I Built No Schools in Kenya

A Year of Unmitigated Madness




This is not your standard white-girl-in-Africa tale. I fed no babies, I built no schools, I saved no rhinos. Self-discovery came a distant second to self-preservation on this particular adventure.

In September 2010, Kirsten Drysdale was tricked. Her friend called with a job offer too curious to refuse: a cruisey-gig as a dementia carer for a rich old man in Kenya. All expenses-paid, plenty of free time to travel or do some freelance reporting. There seemed no good reason to say no . . . so she got on a plane.


Only Kirsten’s friend hadn’t given her the full story. It was only on arrival in Nairobi that she discovered the rich old man’s family was fighting a war around him, and that she would be on the front line. Caught in the crossfire of all kinds of wild accusations, she also had to spy on his wife, keep his daughter placated, rebuff his marriage proposals, hide the car keys and clip his toenails, all while trying to retain her own sanity in the colonial time warp of his home.

Meanwhile, the Kenyan army was invading Somalia, Al-Shabaab was threatening terror attacks, the East African bodybuilding scene beckoned, and Kirsten discovered she had long-lost cousins running a bar on the other side of the city.

I Built No Schools in Kenya is a travelogue-tragedy-farce about race, wealth, love, death, family, nationhood, sanity, benzodiazepines, monkeys and whisky.

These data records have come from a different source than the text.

lemma in_R_zero: "in_R n 0"
  by (simp add: in_R_def)

lemma ideal_gen_zero: "0 \<in> ideal_gen n G"
  unfolding ideal_gen_def by (intro CollectI exI[of _ "{}"]) simp

lemma ideal_gen_add:
  assumes "p \<in> ideal_gen n G" "p' \<in> ideal_gen n G"
  shows "p + p' \<in> ideal_gen n G"
proof -
  obtain S q where S: "finite S" "S \<subseteq> G" "\<forall>g\<in>S. in_R n (q g)"
    and p: "p = (\<Sum>g\<in>S. q g * g)"
    using assms(1) unfolding ideal_gen_def by blast
  obtain S' q' where S': "finite S'" "S' \<subseteq> G" "\<forall>g\<in>S'. in_R n (q' g)"
    and p': "p' = (\<Sum>g\<in>S'. q' g * g)"
    using assms(2) unfolding ideal_gen_def by blast
  define r where "r g = (if g \<in> S then q g else 0) + (if g \<in> S' then q' g else 0)" for g
  have "p + p' = (\<Sum>g\<in>S \<union> S'. r g * g)"
  proof -
    have "p = (\<Sum>g\<in>S \<union> S'. if g \<in> S then q g * g else 0)"
      "p' = (\<Sum>g\<in>S \<union> S'. if g \<in> S' then q' g * g else 0)"
      unfolding p p' sum.inter_restrict[OF finite_UnI[OF S(1) S'(1)], symmetric]
      by (simp_all add: Int_absorb1)
    then show ?thesis
      by (simp add: r_def distrib_right sum.distrib if_distrib[of "\<lambda>x. x * _"] cong: if_cong)
  qed
  moreover have "\<forall>g\<in>S \<union> S'. in_R n (r g)"
    using S(3) S'(3) by (simp add: r_def in_R_add in_R_zero)
  ultimately show ?thesis
    unfolding ideal_gen_def using S(1,2) S'(1,2) by (intro CollectI exI[of _ "S \<union> S'"] exI[of _ r]) simp
qed

lemma ideal_gen_sum:
  "finite A \<Longrightarrow> (\<And>x. x \<in> A \<Longrightarrow> f x \<in> ideal_gen n G) \<Longrightarrow> sum f A \<in> ideal_gen n G"
  by (induction A rule: finite_induct) (auto intro: ideal_gen_zero ideal_gen_add)

lemma ideal_gen_mult_generator: "g \<in> G \<Longrightarrow> in_R n q \<Longrightarrow> q * g \<in> ideal_gen n G"
  unfolding ideal_gen_def by (intro CollectI exI[of _ "{g}"] exI[of _ "\<lambda>_. q"]) simp

lemma single_in_ideal_gen_if_divisible:
  assumes "Poly_Mapping.single e 1 \<in> G" "Poly_Mapping.keys m \<subseteq> {1..n}"
    and "\<And>i. Poly_Mapping.lookup e i \<le> Poly_Mapping.lookup m i"
  shows "Poly_Mapping.single m (c::'k::field) \<in> ideal_gen n G"
proof -
  have "Poly_Mapping.keys (m - e) \<subseteq> {1..n}"
    using assms(2) by (auto simp: in_keys_iff lookup_minus)
  then have "Poly_Mapping.single (m - e) c * Poly_Mapping.single e 1 \<in> ideal_gen n G"
    by (intro ideal_gen_mult_generator[OF assms(1)] in_R_single)
  moreover have "m - e + e = m"
    using assms(3) by (intro poly_mapping_eqI) (simp add: lookup_add lookup_minus)
  ultimately show ?thesis
    by (simp add: mult_single)
qed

It is almost entirely true.

  • Published: 8 January 2019
  • ISBN: 9780857988546
  • Imprint: Vintage Australia
  • Format: Trade Paperback
  • Pages: 352
  • RRP: $34.99
Categories:

About the author

Kirsten Drysdale

Kirsten Drysdale is a television presenter and journalist best known for her work on The Checkout. She was a researcher and presenter for Hungry Beast and a researcher for The Hamster Wheel, The Hamster Decides and The Gruen Transfer. She also occasionally appears on Radio National, where she hosted Talking Shop, a weekly show about marketing and consumer behaviour. She previously played professional hockey for the Queensland Scorchers.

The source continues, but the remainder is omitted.